No! That’s even worse. That is still a document root (where Python files do not belong), and it isn’t where homes live in a Virtualmin environment. You would ideally put applications that run under an application server in a directory in the home of the domain owner user (e.g. /home/domain-name/my-app), not in a document root. Apache does not run Python applications, so it doesn’t make sense to put those applications into the Apache document root. (It may be that your app also also uses static files, like HTML, images, media, etc., which you want the web server to serve, in which case you can/should put those files into the document root.)

But, the location is still not the reason your application isn’t working. The problem continues to be you need to proxy to applications that have application servers. You need a ProxyPass directive and maybe a ProxyPassReverse.

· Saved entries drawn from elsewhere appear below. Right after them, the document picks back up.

lemma sum_reflect_mod:
  fixes g :: "nat \<Rightarrow> 'a::comm_monoid_add" and k :: int
  assumes "n > 0"
  shows "(\<Sum>s<n. g (nat ((k - int s) mod int n))) = (\<Sum>s<n. g s)"
  by (rule sum.reindex_bij_witness[where i = "\<lambda>s. nat ((k - int s) mod int n)"
        and j = "\<lambda>s. nat ((k - int s) mod int n)"])
    (use assms in \<open>auto simp: reflect_mod_involution nat_less_iff\<close>)

lemma dvd_diff_reflect_mod: "n > 0 \<Longrightarrow> int n dvd (k - int s) - int (nat ((k - int s) mod int n))"
  by (simp add: dvd_minus_mod)

lemma circ_carrier: "circ n b \<in> carrier_mat n n"
  unfolding circ_def by simp

lemma circ_index [simp]: "j < n \<Longrightarrow> k < n \<Longrightarrow> circ n b $$ (j, k) = b (nat ((int k - int j) mod int n))"
  unfolding circ_def by simp

lemma circ_smult: "c \<cdot>\<^sub>m circ n b = circ n (\<lambda>s. c * b s)"
  by (rule eq_matI) (auto simp: circ_def)

text \<open>The vector \<open>(\<omega>^(mk))_k\<close>, \<open>\<omega> = unit_root n 1\<close>, is an eigenvector of \<open>circ n b\<close>
  for this eigenvalue.\<close>
definition circ_eigenvalue :: "nat \<Rightarrow> (nat \<Rightarrow> complex) \<Rightarrow> nat \<Rightarrow> complex" where
  "circ_eigenvalue n b m = (\<Sum>s<n. b s * unit_root n (int m * int s))"

lemma circ_eigenvalue_smult: "circ_eigenvalue n (\<lambda>s. c * b s) m = c * circ_eigenvalue n b m"
  by (simp add: circ_eigenvalue_def sum_distrib_left mult.assoc)

lemma circ_left_eigenvector:
  assumes k: "k < n"
  shows "(\<Sum>l<n. unit_root n (- (int m * int l)) * circ n b $$ (l, k))
    = circ_eigenvalue n b m * unit_root n (- (int m * int k))"
proof -
  let ?r = "\<lambda>l. nat ((int k - int l) mod int n)"
  have "(\<Sum>l<n. unit_root n (- (int m * int l)) * circ n b $$ (l, k))
      = (\<Sum>l<n. unit_root n (- (int m * int l)) * b (?r l))"
    using k by (intro sum.cong) auto
  also have "\<dots> = (\<Sum>s<n. unit_root n (- (int m * int (?r s))) * b (?r (?r s)))"
    using k by (intro sum_reflect_mod[symmetric]) simp
  also have "\<dots> = (\<Sum>s<n. b s * unit_root n (int m * int s - int m * int k))"
  proof (intro sum.cong refl)
    fix s assume s: "s \<in> {..<n}"
    have "int n dvd int m * ((int k - int s) - int (?r s))"
      using k by (intro dvd_mult dvd_diff_reflect_mod) simp
    then have "int n dvd - (int m * int (?r s)) - (int m * int s - int m * int k)"
      by (simp add: algebra_simps)
    then show "unit_root n (- (int m * int (?r s))) * b (?r (?r s))
        = b s * unit_root n (int m * int s - int m * int k)"
      using s by (simp add: reflect_mod_involution unit_root_cong)
  qed
  also have "\<dots> = circ_eigenvalue n b m * unit_root n (- (int m * int k))"
    by (simp add: circ_eigenvalue_def sum_distrib_right mult.assoc unit_root_add[symmetric])
  finally show ?thesis .
qed

lemma index_pow_mat_Suc:
  assumes "A \<in> carrier_mat n n" "j < n" "k < n"
  shows "(A ^\<^sub>m Suc N) $$ (j, k) = (\<Sum>l<n. (A ^\<^sub>m N) $$ (j, l) * A $$ (l, k))"
  using assms pow_carrier_mat[OF assms(1), of N]
  by (simp add: index_mult_mat scalar_prod_def atLeast0LessThan)

lemma circ_power_entry:
  assumes j: "j < n" and k: "k < n"
  shows "(circ n b ^\<^sub>m N) $$ (j, k)
    = (\<Sum>m<n. circ_eigenvalue n b m ^ N * unit_root n (int m * (int j - int k))) / of_nat n"
  using k
proof (induction N arbitrary: k)
  case 0
  then show ?case
    using j circ_carrier[of n b] by (simp add: sum_unit_root int_dvd_diff_less_iff)
next
  case (Suc N)
  let ?ev = "circ_eigenvalue n b" and ?A = "circ n b"
  have "(?A ^\<^sub>m Suc N) $$ (j, k) = (\<Sum>l<n. (?A ^\<^sub>m N) $$ (j, l) * ?A $$ (l, k))"
    using j Suc.prems by (intro index_pow_mat_Suc circ_carrier)
  also have "\<dots> = (\<Sum>l<n. \<Sum>m<n. ?ev m ^ N * unit_root n (int m * int j)
      * (unit_root n (- (int m * int l)) * ?A $$ (l, k)) / of_nat n)"
    by (intro sum.cong refl)
      (simp add: Suc.IH sum_divide_distrib sum_distrib_left sum_distrib_right right_diff_distrib
        unit_root_add[symmetric] mult_ac)
  also have "\<dots> = (\<Sum>m<n. ?ev m ^ N * unit_root n (int m * int j)
      * (\<Sum>l<n. unit_root n (- (int m * int l)) * ?A $$ (l, k))) / of_nat n"
    by (subst sum.swap) (simp add: sum_divide_distrib sum_distrib_left)
  also have "\<dots> = (\<Sum>m<n. ?ev m ^ Suc N * unit_root n (int m * (int j - int k))) / of_nat n"
    unfolding circ_left_eigenvector[OF Suc.prems]
    by (simp add: right_diff_distrib unit_root_add[symmetric] mult_ac)
  finally show ?case .
qed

Don’t forget to exclude .well-known so you can continue to get Let’s Encrypt certificates.

I can’t believe I have to link you to the damned documentation for the framework and language you chose yourself. Is this really how helpless you are? OK, fine, here it is:

https://flask.palletsprojects.com/en/stable/deploying/apache-httpd/

Since mod_proxy is almost certainly already loaded, you probably just need:

ProxyPass / http://127.0.0.1:8000/
RequestHeader set X-Forwarded-Proto http
RequestHeader set X-Forwarded-Prefix /

Obviously replacing the port with the port you’re application runs on. (Or file socket, which can be more secure.)